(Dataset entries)
/---
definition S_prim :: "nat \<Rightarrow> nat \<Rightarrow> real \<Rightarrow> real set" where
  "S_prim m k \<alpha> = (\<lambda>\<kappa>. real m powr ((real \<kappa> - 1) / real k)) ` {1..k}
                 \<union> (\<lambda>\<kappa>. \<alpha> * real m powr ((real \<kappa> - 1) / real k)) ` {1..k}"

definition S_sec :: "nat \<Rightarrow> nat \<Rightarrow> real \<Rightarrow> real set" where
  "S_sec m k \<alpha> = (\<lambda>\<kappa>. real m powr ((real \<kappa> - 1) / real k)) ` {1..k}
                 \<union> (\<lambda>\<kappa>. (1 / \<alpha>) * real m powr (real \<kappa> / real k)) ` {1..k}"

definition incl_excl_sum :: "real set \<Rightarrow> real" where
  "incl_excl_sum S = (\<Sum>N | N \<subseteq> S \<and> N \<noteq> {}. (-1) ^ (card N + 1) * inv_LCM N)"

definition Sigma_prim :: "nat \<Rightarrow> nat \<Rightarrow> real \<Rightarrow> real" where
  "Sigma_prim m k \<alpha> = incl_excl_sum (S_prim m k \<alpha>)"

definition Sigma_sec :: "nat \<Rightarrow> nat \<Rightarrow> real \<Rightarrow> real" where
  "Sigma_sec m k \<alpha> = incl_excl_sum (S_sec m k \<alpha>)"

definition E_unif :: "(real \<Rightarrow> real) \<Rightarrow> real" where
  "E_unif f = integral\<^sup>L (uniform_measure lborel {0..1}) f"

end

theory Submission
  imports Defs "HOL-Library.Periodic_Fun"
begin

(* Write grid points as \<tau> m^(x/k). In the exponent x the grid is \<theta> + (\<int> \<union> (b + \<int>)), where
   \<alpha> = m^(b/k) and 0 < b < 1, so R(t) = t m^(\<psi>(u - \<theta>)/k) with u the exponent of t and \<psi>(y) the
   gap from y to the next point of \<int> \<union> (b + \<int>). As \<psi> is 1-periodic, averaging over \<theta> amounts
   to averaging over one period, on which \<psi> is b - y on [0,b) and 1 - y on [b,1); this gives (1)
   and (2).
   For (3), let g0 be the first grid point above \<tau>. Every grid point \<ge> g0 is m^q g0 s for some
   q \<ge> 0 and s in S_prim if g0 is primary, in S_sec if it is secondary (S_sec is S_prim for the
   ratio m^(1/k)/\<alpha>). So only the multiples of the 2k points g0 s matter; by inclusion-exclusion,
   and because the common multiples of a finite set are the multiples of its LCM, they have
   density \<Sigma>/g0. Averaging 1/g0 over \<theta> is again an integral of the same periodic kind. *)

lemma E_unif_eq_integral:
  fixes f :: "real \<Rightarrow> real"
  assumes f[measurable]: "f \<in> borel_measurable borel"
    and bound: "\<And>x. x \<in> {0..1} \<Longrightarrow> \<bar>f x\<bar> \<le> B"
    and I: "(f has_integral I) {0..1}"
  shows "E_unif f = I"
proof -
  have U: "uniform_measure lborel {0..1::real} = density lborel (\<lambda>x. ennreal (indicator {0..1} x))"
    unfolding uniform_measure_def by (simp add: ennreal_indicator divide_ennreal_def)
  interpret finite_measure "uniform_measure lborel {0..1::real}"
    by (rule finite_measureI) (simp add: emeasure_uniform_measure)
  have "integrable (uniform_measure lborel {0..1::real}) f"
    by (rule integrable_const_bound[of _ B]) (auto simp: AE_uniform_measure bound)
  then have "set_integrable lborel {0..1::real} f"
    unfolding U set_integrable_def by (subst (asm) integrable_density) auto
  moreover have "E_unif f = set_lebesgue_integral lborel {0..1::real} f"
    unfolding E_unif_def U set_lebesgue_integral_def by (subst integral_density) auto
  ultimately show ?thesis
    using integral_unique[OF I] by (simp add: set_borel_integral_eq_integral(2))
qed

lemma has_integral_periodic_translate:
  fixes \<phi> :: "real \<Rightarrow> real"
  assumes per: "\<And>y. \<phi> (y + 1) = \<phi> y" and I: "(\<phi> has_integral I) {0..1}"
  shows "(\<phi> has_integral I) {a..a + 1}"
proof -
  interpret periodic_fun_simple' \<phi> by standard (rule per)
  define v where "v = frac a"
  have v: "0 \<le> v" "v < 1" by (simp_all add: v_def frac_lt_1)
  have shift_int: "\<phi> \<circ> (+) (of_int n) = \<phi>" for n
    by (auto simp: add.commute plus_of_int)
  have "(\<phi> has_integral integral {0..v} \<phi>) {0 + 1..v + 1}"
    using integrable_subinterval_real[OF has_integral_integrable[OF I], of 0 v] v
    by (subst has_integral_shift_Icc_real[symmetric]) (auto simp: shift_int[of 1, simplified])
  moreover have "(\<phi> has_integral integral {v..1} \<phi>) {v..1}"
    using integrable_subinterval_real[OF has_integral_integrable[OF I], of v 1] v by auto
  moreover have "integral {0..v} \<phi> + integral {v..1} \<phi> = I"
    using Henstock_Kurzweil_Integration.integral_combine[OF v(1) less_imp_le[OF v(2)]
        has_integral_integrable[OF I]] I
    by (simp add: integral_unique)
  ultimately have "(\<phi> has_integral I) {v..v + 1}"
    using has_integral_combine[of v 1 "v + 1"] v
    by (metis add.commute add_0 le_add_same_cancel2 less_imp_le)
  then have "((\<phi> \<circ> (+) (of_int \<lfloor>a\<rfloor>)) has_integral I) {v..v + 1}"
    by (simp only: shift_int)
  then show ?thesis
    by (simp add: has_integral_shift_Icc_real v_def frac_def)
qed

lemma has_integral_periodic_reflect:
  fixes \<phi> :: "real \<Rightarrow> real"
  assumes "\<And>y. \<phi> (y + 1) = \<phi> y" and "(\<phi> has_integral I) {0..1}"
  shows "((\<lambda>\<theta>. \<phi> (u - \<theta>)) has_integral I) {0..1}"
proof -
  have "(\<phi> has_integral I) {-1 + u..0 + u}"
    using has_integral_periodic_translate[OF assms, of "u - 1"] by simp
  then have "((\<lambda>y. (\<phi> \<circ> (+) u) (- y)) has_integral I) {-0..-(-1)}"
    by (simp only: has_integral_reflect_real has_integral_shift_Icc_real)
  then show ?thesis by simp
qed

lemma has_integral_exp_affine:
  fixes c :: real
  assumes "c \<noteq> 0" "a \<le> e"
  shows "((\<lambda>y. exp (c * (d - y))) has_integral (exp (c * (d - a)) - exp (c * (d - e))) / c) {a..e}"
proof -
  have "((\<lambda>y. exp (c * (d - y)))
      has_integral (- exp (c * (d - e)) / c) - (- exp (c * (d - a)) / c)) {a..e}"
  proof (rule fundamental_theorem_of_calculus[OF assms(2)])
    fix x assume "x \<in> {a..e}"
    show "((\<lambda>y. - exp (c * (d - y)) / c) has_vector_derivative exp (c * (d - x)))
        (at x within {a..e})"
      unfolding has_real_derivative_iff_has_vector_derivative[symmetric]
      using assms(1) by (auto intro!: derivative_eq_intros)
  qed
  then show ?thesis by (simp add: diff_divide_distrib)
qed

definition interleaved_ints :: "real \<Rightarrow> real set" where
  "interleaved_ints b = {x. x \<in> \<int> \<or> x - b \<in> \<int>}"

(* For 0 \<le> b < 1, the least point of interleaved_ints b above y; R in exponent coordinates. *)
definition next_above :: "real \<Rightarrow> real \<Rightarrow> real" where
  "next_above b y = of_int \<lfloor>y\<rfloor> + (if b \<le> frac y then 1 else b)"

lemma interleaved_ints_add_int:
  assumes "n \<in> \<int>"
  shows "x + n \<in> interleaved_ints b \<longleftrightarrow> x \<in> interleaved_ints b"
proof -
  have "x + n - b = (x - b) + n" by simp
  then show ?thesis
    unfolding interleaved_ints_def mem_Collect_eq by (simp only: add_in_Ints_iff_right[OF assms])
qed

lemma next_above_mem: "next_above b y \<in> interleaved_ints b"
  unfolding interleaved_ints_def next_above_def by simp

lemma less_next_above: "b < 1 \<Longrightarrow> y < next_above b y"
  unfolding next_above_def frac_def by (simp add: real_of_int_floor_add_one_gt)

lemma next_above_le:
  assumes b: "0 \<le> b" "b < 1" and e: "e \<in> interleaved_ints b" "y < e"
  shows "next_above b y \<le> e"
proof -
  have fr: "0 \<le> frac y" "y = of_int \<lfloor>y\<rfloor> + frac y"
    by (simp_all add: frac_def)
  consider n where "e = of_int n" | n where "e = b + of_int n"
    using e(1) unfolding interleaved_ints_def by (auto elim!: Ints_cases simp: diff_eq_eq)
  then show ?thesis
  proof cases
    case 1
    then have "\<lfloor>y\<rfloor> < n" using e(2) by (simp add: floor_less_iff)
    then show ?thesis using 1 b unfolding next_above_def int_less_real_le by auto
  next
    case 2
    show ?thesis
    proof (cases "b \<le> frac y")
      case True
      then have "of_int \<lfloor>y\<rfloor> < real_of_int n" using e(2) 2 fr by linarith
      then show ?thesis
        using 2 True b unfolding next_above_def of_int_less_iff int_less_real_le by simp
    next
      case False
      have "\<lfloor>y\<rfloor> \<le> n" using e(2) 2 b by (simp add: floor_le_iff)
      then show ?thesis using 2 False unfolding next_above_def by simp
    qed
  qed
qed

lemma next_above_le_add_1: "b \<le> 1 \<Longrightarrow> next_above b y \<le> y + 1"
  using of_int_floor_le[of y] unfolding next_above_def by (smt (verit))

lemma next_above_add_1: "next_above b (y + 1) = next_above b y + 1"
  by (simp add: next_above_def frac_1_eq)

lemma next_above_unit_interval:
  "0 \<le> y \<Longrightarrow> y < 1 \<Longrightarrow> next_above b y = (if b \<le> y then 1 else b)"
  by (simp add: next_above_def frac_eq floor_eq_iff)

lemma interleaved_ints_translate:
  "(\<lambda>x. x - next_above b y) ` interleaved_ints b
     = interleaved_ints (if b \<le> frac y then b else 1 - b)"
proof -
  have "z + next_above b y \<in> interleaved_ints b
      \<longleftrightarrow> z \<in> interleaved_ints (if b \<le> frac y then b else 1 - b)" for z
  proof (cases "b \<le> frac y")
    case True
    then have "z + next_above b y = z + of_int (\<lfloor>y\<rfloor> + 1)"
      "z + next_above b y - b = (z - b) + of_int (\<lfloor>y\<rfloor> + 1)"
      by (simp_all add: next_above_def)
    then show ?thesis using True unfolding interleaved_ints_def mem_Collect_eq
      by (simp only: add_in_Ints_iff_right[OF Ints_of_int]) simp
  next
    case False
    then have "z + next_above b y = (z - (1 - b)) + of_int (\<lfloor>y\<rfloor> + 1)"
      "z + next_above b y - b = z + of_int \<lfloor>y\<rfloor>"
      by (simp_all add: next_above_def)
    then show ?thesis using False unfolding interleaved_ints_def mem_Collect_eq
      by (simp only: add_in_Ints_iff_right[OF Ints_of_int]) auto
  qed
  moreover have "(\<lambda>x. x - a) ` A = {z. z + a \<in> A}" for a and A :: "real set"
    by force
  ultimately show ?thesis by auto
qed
\---
/---
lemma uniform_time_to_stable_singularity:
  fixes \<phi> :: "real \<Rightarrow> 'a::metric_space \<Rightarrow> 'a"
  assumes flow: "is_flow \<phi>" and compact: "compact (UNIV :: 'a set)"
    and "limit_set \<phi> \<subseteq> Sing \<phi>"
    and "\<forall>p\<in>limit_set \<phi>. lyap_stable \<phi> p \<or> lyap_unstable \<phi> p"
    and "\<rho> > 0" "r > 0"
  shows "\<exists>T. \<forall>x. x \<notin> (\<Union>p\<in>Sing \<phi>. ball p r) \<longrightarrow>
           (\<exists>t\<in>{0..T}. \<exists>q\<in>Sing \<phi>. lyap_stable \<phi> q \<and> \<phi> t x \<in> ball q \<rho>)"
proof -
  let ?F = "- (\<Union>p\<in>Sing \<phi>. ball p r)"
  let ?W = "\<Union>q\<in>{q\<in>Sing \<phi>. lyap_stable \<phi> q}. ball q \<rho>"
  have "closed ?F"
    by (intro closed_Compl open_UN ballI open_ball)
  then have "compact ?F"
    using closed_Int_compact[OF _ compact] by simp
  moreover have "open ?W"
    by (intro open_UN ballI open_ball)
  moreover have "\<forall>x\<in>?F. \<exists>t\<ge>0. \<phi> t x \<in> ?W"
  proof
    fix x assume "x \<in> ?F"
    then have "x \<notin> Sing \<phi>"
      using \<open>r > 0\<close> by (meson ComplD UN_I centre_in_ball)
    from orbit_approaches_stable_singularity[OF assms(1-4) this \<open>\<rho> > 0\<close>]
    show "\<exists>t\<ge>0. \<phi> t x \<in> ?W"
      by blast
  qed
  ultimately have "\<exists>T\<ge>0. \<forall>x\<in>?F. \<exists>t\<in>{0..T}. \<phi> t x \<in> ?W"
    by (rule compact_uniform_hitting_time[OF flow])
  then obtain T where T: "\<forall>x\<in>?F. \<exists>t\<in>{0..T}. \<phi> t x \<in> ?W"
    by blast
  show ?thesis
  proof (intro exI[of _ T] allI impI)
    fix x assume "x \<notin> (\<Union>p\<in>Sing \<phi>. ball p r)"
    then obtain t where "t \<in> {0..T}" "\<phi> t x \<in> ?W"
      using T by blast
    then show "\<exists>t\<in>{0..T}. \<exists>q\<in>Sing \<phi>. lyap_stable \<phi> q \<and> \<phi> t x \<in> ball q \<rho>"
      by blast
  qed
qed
\---
_WHAT IS EXPECTED_
Write the number of data lines with "interpret", nothing else.

_SOLUTION TO THIS EXERCISE_
2